О нет, Хаммель далек от цели "развенчивать мифы", он лишь беспристрастен, ровен и внимателен к источникам, и этого более чем достаточно для того, чтобы миф о "великих ученых, боровшихся с Церковью", рассыпался сам, как небрежно собранный карточный домик. Обращаясь от истории к современности, он разбирает основные вопросы, по которым взгляды христианства и науки кажутся совершенно несовместимыми (чудеса, возникновение мира, происхождение жизни), и убедительно показывает, что несовместимость эта мнимая и проистекает из ни чем не обоснованного желания некоторых христиан видеть в Библии не только высший авторитет в делах веры и нравственности, но и учебник по всем возможным отраслям знания. Хотя даже Жан Кальвин, известный своим, мягко говоря, неоднозначным отношением к свободе мысли, отмечал, что "Святой Дух не собирался учить нас астрономии". C другой стороны, ученые тоже склонны забывать слова Эйнштейна о том, что "ставить цели и находить вечные ценности не входит в компетенцию науки", и зачастую не проводят разграничительной черты между своими научными открытиями и философскими или религиозными воззрениями. Чарльз Хаммель полагает, что именно четкое разграничение предметов науки и богословия помогает избежать ненужных конфликтов между ними. Попытки же искусственного "стирания граней" ни к чему хорошему до сих пор не приводили и привести не могут. "Многие люди потеряли уважение к Церкви из-за того, что она осудила Галилея, библейскому рассказу о сотворении мира перестали доверять потому, что его буквальное истолкование разбилось о теорию эволюции.

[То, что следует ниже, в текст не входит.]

(* The linear map $F(L)\to F(A)$ sending the class of $a\otimes b$ ($a,b\in L$) to $\operatorname{tr}(ab)$ is injective.
   Context: $A=\mathbb{R}\langle x,y\rangle$ is the free associative algebra and $L\subset A$ the free Lie algebra on $x,y$ (smallest Lie subalgebra of $(A,[a,b]=ab-ba)$ containing $x,y$). $F(A)$ is the quotient of $A\otimes A$ by the span of $a\otimes b-b\otimes a$ and $a\otimes bc-ab\otimes c$, identified with $A/\operatorname{span}\{ab-ba\}$ via $a\otimes b\mapsto \operatorname{tr}(ab)$, where $\operatorname{tr}$ denotes the projection $A\to A/\operatorname{span}\{ab-ba\}$. $F(L)$ is the quotient of $L\otimes L$ by the span of $a\otimes b-b\otimes a$ and $a\otimes[b,c]-[a,b]\otimes c$ ($a,b,c\in L$). *)

theory Defs
  imports Complex_Main "HOL-Library.Function_Algebras"
begin

text \<open>The free associative algebra A = R<x,y>: finitely supported real functions on
  words over the alphabet bool (False stands for x, True for y).\<close>

type_synonym ncpoly = "bool list \<Rightarrow> real"
type_synonym nctensor = "bool list \<times> bool list \<Rightarrow> real"

definition fscale :: "real \<Rightarrow> ('a \<Rightarrow> real) \<Rightarrow> ('a \<Rightarrow> real)" where
  "fscale c f = (\<lambda>w. c * f w)"

abbreviation rspan :: "('a \<Rightarrow> real) set \<Rightarrow> ('a \<Rightarrow> real) set" where
  "rspan S \<equiv> module.span fscale S"

definition Aset :: "ncpoly set" where
  "Aset = {f. finite {w. f w \<noteq> 0}}"

definition ncmul :: "ncpoly \<Rightarrow> ncpoly \<Rightarrow> ncpoly" where
  "ncmul f g = (\<lambda>w. \<Sum>i\<in>{0..length w}. f (take i w) * g (drop i w))"

definition gen :: "bool \<Rightarrow> ncpoly" where
  "gen b = (\<lambda>w. if w = [b] then 1 else 0)"

definition lie_br :: "ncpoly \<Rightarrow> ncpoly \<Rightarrow> ncpoly" where
  "lie_br a b = ncmul a b - ncmul b a"

inductive_set FreeLie :: "ncpoly set" where
  gen: "gen b \<in> FreeLie"
| add: "a \<in> FreeLie \<Longrightarrow> b \<in> FreeLie \<Longrightarrow> a + b \<in> FreeLie"
| scale: "a \<in> FreeLie \<Longrightarrow> fscale c a \<in> FreeLie"
| br: "a \<in> FreeLie \<Longrightarrow> b \<in> FreeLie \<Longrightarrow> lie_br a b \<in> FreeLie"

text \<open>A \<otimes> A realised as (finitely supported) functions on pairs of words.\<close>
definition tensor :: "ncpoly \<Rightarrow> ncpoly \<Rightarrow> nctensor" where
  "tensor a b = (\<lambda>(u, v). a u * b v)"

definition mulmap :: "nctensor \<Rightarrow> ncpoly" where
  "mulmap t = (\<lambda>w. \<Sum>i\<in>{0..length w}. t (take i w, drop i w))"

text \<open>L \<otimes> L as a subspace of A \<otimes> A, and the relations defining F(L).\<close>
definition LtensL :: "nctensor set" where
  "LtensL = rspan {tensor a b | a b. a \<in> FreeLie \<and> b \<in> FreeLie}"

definition FL_rel :: "nctensor set" where
  "FL_rel = rspan ({tensor a b - tensor b a | a b. a \<in> FreeLie \<and> b \<in> FreeLie}
     \<union> {tensor a (lie_br b c) - tensor (lie_br a b) c | a b c.
          a \<in> FreeLie \<and> b \<in> FreeLie \<and> c \<in> FreeLie})"

text \<open>The commutator subspace [A,A]; tr is the projection A \<rightarrow> A/[A,A].\<close>
definition commA :: "ncpoly set" where
  "commA = rspan {lie_br p q | p q. p \<in> Aset \<and> q \<in> Aset}"

end

theory Submission
  imports Defs
begin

Богословие, которое "вступает в брак" с наукой в одной эпохе, рискует овдоветь в следующей", - пишет он.
Писание указывает нам путь к спасению, а учебник физики - законы материального мира. Но, выводя из Библии формулу для определения силы тока и пытаясь найти в уравнениях физики откровение о смысле нашего существования, мы используем обе эти книги не по назначению, и последствия этого более чем печальны. Разобравшись с причинами и следствиями, мы утратили представление о целях и средствах, мы знаем уравнение Шредингера, но кто мы и зачем мы здесь - нам неведомо. Книга Чарльза Хаммеля не предлагает ответа на извечный русский вопрос "что делать", ее цели автор определил много скромнее - всего лишь "дать введение в историю и философию науки, показать общие точки соприкосновения между ней и библейским взглядом на природу". Он убедительно доказывает, что наука и богословие не противоречат друг другу, как не противоречат друг другу, скажем, поэзия и математика, но позволяют познавать мир с разных сторон во всей его полноте. В его книге в защиту веры выступают не богословы, но ученые, что придает этим свидетельствам особую убедительность.
В конце главного труда своей жизни, книги "Гармония миров", великий астроном Кеплер написал: "Благодарю Тебя, о Господь-Создатель, творению Которого я столь безмерно радуюсь. Я радуюсь трудам рук Твоих. Се! Я завершил свой труд┘ Я показал славу дел Твоих┘ Душа моя, хвали Господа-Создателя, пока жив я┘ Ему хвала, честь и слава вовеки. Аминь". К этому можно отнестись по-разному, но нелишним будет задуматься о том, что великим умам прошлого и Писание - книга Божьего Слова, и Природа - книга Божьих Дел - казались равно заслуживающими внимательного прочтения и изучения.